Exercise:
Check every line below for the word "UNIV" and show those that hold it.

Supplied entries:
_ _ _ _ _

(* Consider the following probabilistic synthesis model. Let $N,M\ge 1$, let $\sigma^2>0$, and let $\boldsymbol{\Psi}_1,\dots,\boldsymbol{\Psi}_N\in\mathbb{C}^{N\times M}$ be given matrices. The observation ${\mathbf y}\in\mathbb{R}^N$ is $$ {\mathbf y}=\Re\Big(\sum_{n=1}^N\boldsymbol{\Psi}_n{\mathbf w}_n\Big)+\boldsymbol{\epsilon}, $$ where $\boldsymbol{\epsilon}\sim\mathcal{N}(\mathbf 0,\sigma^2{\mathbf I}_N)$ is real Gaussian white noise independent of the latent coefficients, and the latent vectors ${\mathbf w}_1,\dots,{\mathbf w}_N\in\mathbb{C}^M$ are mutually decorrelated (hence independent) zero-mean circular complex Gaussian vectors, ${\mathbf w}_n\sim\mathscr{CN}_c(\mathbf 0,{\mathbf C}(\theta_n))$. Here, for a fixed Hermitian positive-semidefinite function $f$ and fixed scales $s_1,\dots,s_M$, the matrix ${\mathbf C}(\theta)\in\mathbb{C}^{M\times M}$ is defined by $[{\mathbf C}(\theta)]_{mm'}=f(s_m+\theta,s_{m'}+\theta)$, and $\boldsymbol{\theta}=(\theta_1,\dots,\theta_N)\in\mathbb{R}^N$ is an unknown parameter. For a parameter vector $\boldsymbol{\theta}$ define $$ {\mathbf C}_y(\boldsymbol{\theta})=\sigma^2{\mathbf I}+\tfrac12\Re\Big(\sum_{n=1}^N\boldsymbol{\Psi}_n{\mathbf C}(\theta_n)\boldsymbol{\Psi}_n^H\Big), $$ let ${\mathbf D}=[\boldsymbol{\Psi}_1\ \cdots\ \boldsymbol{\Psi}_N]\in\mathbb{C}^{N\times MN}$, let $\boldsymbol{\Gamma}_0(\boldsymbol{\theta})$ be the block-diagonal matrix with diagonal blocks ${\mathbf C}(\theta_1),\dots,{\mathbf C}(\theta_N)$, and let $$ \boldsymbol{\Gamma}(\boldsymbol{\theta})=\boldsymbol{\Gamma}_0(\boldsymbol{\theta})-\tfrac14\boldsymbol{\Gamma}_0(\boldsymbol{\theta}){\mathbf D}^H{\mathbf C}_y(\boldsymbol{\theta})^{-1}{\mathbf D}\boldsymbol{\Gamma}_0(\boldsymbol{\theta}) $$ (the posterior covariance of ${\mathbf W}=\mathsf{vec}({\mathbf w}_1,\dots,{\mathbf w}_N)$ given ${\mathbf y}$), with $\boldsymbol{\Gamma}_n(\boldsymbol{\theta})\in\mathbb{C}^{M\times M}$ its $n$-th diagonal block. Then the Expectation-Maximization algorithm for maximum-likelihood estimation of $\boldsymbol{\theta}$ from the observation ${\mathbf y}$, with ${\mathbf W}$ as latent variable, starting at iteration $k$ from the current estimate $\tilde{\boldsymbol{\theta}}^{(k-1)}$, consists of the following two steps: 1. for each $n\in\{1,\dots,N\}$, the posterior mean of ${\mathbf w}_n$ is $$ \tilde{\mathbf w}_n^{(k)}=\tfrac12{\mathbf C}\big(\tilde\theta_n^{(k-1)}\big)\boldsymbol{\Psi}_n^H{\mathbf C}_y\big(\tilde{\boldsymbol{\theta}}^{(k-1)}\big)^{-1}{\mathbf y}; $$ 2. the parameter is updated componentwise by $\tilde\theta_n^{(k)}=\arg\min_{\theta}Q_{kn}(\theta)$, where $$ Q_{kn}(\theta)=\log|\det({\mathbf C}(\theta))|+\tilde{\mathbf w}_n^{(k)H}{\mathbf C}(\theta)^{-1}\tilde{\mathbf w}_n^{(k)}+\mathrm{Trace}\Big({\mathbf C}(\theta)^{-1}\boldsymbol{\Gamma}_n\big(\tilde{\boldsymbol{\theta}}^{(k-1)}\big)\Big). $$
   Context: In the paper's setting, $\psi$ is an analysis wavelet, $\psi_s(t)=q^{-s/2}\psi(q^{-s}t)$ for a constant $q>1$, $s\in\{s_1,\dots,s_M\}$, the signal is sampled at $N$ times $\tau_1,\dots,\tau_N$ (finite periodic setting), and $\boldsymbol{\Psi}_n$ is the matrix whose $m$-th column is $(\psi_{s_m}(\tau_{1-n}),\dots,\psi_{s_m}(\tau_{N-n}))^T$; the claim only uses that the $\boldsymbol{\Psi}_n$ are fixed complex $N\times M$ matrices. $\mathscr{CN}_c(\mathbf 0,{\mathbf C})$ denotes the zero-mean circular complex Gaussian distribution with covariance ${\mathbf C}$. The function $f$ is Hermitian and positive semidefinite, and ${\mathbf C}(\theta)$ is assumed invertible where used. *)

theory Defs
  imports "HOL-Probability.Probability"
begin

definition herm_psd_fun :: "(real \<Rightarrow> real \<Rightarrow> complex) \<Rightarrow> bool" where
  "herm_psd_fun f \<longleftrightarrow>
     (\<forall>x y. f x y = cnj (f y x)) \<and>
     (\<forall>(xs::real list) (c::complex list). length c = length xs \<longrightarrow>
        0 \<le> Re (\<Sum>i<length xs. \<Sum>j<length xs. cnj (c!i) * c!j * f (xs!i) (xs!j)))"

definition adj :: "complex^'a^'b \<Rightarrow> complex^'b^'a" where
  "adj A = (\<chi> i j. cnj (A$j$i))"

definition Re_mat :: "complex^'a^'b \<Rightarrow> real^'a^'b" where
  "Re_mat A = (\<chi> i j. Re (A$i$j))"

definition cplx_vec :: "real^'a \<Rightarrow> complex^'a" where
  "cplx_vec x = (\<chi> i. complex_of_real (x$i))"

definition cplx_mat :: "real^'a^'b \<Rightarrow> complex^'a^'b" where
  "cplx_mat A = (\<chi> i j. complex_of_real (A$i$j))"

definition mtrace :: "complex^'a^'a \<Rightarrow> complex" where
  "mtrace A = (\<Sum>i\<in>UNIV. A$i$i)"

definition hform :: "complex^'a \<Rightarrow> complex^'a^'a \<Rightarrow> complex" where
  "hform w A = (\<Sum>i\<in>UNIV. cnj (w$i) * (A *v w)$i)"

definition Cmat :: "(real \<Rightarrow> real \<Rightarrow> complex) \<Rightarrow> ('m::finite \<Rightarrow> real) \<Rightarrow> real \<Rightarrow> complex^'m^'m" where
  "Cmat f s \<theta> = (\<chi> m m'. f (s m + \<theta>) (s m' + \<theta>))"

definition Cy :: "(real \<Rightarrow> real \<Rightarrow> complex) \<Rightarrow> ('m::finite \<Rightarrow> real) \<Rightarrow> ('n::finite \<Rightarrow> complex^'m^'n)
                 \<Rightarrow> real \<Rightarrow> real^'n \<Rightarrow> real^'n^'n" where
  "Cy f s \<Psi> \<sigma> \<theta> = (\<sigma>\<^sup>2) *\<^sub>R mat 1 +
      (1/2) *\<^sub>R Re_mat (\<Sum>n\<in>UNIV. \<Psi> n ** Cmat f s (\<theta>$n) ** adj (\<Psi> n))"

definition w_tilde :: "(real \<Rightarrow> real \<Rightarrow> complex) \<Rightarrow> ('m::finite \<Rightarrow> real) \<Rightarrow> ('n::finite \<Rightarrow> complex^'m^'n)
                 \<Rightarrow> real \<Rightarrow> real^'n \<Rightarrow> real^'n \<Rightarrow> 'n \<Rightarrow> complex^'m" where
  "w_tilde f s \<Psi> \<sigma> \<theta> y n =
     (1/2) *\<^sub>R ((Cmat f s (\<theta>$n) ** adj (\<Psi> n)) *v cplx_vec (matrix_inv (Cy f s \<Psi> \<sigma> \<theta>) *v y))"

definition Dmat :: "('n::finite \<Rightarrow> complex^'m::finite^'n) \<Rightarrow> complex^('n \<times> 'm)^'n" where
  "Dmat \<Psi> = (\<chi> i. \<chi> p. \<Psi> (fst p) $ i $ snd p)"

definition Gamma0 :: "(real \<Rightarrow> real \<Rightarrow> complex) \<Rightarrow> ('m::finite \<Rightarrow> real) \<Rightarrow> real^'n::finite
                 \<Rightarrow> complex^('n \<times> 'm)^('n \<times> 'm)" where
  "Gamma0 f s \<theta> = (\<chi> p q. if fst p = fst q then Cmat f s (\<theta>$fst p) $ snd p $ snd q else 0)"

definition Gamma :: "(real \<Rightarrow> real \<Rightarrow> complex) \<Rightarrow> ('m::finite \<Rightarrow> real) \<Rightarrow> ('n::finite \<Rightarrow> complex^'m^'n)
                 \<Rightarrow> real \<Rightarrow> real^'n \<Rightarrow> complex^('n \<times> 'm)^('n \<times> 'm)" where
  "Gamma f s \<Psi> \<sigma> \<theta> = Gamma0 f s \<theta> -
     (1/4) *\<^sub>R (Gamma0 f s \<theta> ** adj (Dmat \<Psi>) ** cplx_mat (matrix_inv (Cy f s \<Psi> \<sigma> \<theta>))
                 ** Dmat \<Psi> ** Gamma0 f s \<theta>)"

definition Gamma_blk :: "(real \<Rightarrow> real \<Rightarrow> complex) \<Rightarrow> ('m::finite \<Rightarrow> real) \<Rightarrow> ('n::finite \<Rightarrow> complex^'m^'n)
                 \<Rightarrow> real \<Rightarrow> real^'n \<Rightarrow> 'n \<Rightarrow> complex^'m^'m" where
  "Gamma_blk f s \<Psi> \<sigma> \<theta> n = (\<chi> m m'. Gamma f s \<Psi> \<sigma> \<theta> $ (n,m) $ (n,m'))"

_ _ _ _ _

Solution for this exercise:
  "mtrace A = (\<Sum>i\<in>UNIV. A$i$i)"
  "hform w A = (\<Sum>i\<in>UNIV. cnj (w$i) * (A *v w)$i)"
      (1/2) *\<^sub>R Re_mat (\<Sum>n\<in>UNIV. \<Psi> n ** Cmat f s (\<theta>$n) ** adj (\<Psi> n))"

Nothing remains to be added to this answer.